### Goal of the exercise
In the material below, how many lines contain the string "ennreal"? Reply with the number only.

### Dataset excerpts
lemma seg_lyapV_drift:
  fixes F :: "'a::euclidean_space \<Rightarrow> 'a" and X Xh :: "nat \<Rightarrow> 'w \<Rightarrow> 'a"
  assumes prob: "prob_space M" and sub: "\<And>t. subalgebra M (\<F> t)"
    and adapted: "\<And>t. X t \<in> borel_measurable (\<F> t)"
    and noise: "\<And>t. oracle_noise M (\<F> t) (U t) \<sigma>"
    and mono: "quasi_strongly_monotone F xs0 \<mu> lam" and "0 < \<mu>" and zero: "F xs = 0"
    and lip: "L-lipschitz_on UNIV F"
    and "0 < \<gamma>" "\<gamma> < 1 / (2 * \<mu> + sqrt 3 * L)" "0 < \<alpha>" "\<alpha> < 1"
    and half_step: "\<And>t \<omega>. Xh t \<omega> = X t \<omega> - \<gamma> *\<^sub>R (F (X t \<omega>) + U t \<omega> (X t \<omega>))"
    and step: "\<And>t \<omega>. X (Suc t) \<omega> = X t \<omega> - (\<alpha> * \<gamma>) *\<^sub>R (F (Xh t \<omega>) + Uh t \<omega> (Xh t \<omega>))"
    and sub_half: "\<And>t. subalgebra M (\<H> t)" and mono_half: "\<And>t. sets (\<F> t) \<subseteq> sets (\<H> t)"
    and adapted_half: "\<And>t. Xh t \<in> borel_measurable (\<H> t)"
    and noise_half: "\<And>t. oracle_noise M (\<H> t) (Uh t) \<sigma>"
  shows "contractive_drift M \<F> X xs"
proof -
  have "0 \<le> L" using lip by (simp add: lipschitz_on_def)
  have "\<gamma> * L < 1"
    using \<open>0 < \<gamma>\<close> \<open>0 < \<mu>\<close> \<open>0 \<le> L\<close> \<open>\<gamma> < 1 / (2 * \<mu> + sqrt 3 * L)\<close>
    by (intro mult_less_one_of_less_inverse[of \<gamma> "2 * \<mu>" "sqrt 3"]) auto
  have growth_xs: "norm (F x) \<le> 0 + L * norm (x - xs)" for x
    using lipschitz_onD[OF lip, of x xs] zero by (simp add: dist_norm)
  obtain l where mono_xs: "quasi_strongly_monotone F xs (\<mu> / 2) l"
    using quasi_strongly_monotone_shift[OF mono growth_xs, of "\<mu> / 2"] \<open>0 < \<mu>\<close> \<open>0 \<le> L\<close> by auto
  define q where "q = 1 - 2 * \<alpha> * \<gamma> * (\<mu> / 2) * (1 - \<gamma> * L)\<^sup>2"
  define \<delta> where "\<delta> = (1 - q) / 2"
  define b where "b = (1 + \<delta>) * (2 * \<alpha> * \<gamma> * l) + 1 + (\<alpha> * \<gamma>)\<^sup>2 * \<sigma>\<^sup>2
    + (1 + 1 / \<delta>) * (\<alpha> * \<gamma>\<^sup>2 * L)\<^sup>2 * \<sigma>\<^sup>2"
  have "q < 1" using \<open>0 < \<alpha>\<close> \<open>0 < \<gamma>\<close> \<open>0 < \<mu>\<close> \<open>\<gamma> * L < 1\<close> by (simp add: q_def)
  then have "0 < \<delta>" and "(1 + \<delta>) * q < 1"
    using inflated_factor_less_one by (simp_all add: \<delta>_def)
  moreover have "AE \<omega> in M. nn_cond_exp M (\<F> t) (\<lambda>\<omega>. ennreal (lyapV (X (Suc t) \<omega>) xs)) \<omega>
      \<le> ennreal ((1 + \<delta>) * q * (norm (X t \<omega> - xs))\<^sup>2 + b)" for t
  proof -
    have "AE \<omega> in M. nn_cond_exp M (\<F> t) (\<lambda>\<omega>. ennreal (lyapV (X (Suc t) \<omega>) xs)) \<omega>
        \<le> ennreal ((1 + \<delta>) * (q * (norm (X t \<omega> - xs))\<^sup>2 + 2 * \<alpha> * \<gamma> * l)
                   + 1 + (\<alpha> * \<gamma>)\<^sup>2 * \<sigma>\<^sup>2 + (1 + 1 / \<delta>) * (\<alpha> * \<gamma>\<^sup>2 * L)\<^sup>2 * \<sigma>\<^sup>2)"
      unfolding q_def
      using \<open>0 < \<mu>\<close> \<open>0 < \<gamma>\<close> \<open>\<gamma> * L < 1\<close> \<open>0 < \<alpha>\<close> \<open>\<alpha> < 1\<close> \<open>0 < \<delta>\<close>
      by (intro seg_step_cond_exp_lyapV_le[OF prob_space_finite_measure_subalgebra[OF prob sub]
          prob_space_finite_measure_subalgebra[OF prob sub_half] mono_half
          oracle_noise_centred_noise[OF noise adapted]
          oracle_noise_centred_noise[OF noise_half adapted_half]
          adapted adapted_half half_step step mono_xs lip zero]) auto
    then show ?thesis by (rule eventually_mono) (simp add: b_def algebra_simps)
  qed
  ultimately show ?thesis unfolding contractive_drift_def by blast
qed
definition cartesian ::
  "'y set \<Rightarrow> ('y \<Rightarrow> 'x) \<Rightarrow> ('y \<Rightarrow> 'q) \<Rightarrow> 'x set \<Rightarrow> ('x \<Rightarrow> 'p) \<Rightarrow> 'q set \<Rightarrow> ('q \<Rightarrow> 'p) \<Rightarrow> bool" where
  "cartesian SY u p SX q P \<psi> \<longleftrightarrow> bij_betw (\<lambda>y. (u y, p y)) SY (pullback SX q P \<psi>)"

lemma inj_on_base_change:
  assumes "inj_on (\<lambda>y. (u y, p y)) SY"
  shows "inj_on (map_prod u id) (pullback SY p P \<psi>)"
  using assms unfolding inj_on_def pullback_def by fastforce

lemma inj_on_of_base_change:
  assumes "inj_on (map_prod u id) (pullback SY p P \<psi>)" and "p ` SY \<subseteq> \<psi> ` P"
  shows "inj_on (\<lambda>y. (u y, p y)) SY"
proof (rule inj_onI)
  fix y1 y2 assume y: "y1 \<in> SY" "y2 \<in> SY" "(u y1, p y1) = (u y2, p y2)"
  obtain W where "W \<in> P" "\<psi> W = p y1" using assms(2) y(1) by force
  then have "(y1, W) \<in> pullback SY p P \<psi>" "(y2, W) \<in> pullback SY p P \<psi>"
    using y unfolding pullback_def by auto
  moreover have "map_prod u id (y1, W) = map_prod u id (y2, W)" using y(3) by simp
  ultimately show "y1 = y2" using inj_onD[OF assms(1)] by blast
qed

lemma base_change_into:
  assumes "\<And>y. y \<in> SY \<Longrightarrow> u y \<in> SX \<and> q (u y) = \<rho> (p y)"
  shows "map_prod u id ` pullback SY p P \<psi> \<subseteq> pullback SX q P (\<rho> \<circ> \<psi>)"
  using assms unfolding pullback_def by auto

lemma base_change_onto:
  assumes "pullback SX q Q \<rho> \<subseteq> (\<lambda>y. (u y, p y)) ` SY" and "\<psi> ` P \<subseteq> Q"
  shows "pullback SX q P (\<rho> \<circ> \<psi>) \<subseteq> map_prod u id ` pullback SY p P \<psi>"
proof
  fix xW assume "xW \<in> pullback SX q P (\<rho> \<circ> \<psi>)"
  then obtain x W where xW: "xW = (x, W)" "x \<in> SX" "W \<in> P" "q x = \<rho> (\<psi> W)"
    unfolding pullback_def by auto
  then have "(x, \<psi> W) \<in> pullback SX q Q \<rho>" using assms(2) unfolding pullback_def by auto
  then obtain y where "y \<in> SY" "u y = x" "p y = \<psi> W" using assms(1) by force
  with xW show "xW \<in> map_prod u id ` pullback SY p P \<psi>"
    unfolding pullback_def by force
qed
...
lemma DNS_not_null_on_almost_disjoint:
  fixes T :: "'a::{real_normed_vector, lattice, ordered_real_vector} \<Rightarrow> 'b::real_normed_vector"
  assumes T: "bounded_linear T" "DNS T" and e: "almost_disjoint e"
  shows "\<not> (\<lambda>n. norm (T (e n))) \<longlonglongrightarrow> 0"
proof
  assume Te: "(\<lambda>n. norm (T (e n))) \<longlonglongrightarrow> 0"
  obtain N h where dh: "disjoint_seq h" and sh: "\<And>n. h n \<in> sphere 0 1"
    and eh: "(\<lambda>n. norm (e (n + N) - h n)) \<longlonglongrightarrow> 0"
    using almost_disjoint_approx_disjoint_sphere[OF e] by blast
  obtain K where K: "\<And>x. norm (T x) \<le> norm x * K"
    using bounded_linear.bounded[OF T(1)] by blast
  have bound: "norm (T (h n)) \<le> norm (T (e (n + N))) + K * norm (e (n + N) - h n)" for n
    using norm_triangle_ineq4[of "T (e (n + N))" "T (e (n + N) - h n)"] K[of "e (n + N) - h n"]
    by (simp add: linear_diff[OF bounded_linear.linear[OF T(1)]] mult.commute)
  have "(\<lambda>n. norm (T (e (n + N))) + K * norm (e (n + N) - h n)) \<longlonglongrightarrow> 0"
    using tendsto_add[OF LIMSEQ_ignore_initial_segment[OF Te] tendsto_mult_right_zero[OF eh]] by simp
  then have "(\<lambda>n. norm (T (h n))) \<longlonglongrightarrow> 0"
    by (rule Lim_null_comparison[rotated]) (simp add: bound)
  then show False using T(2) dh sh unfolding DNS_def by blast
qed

### Output for this task
4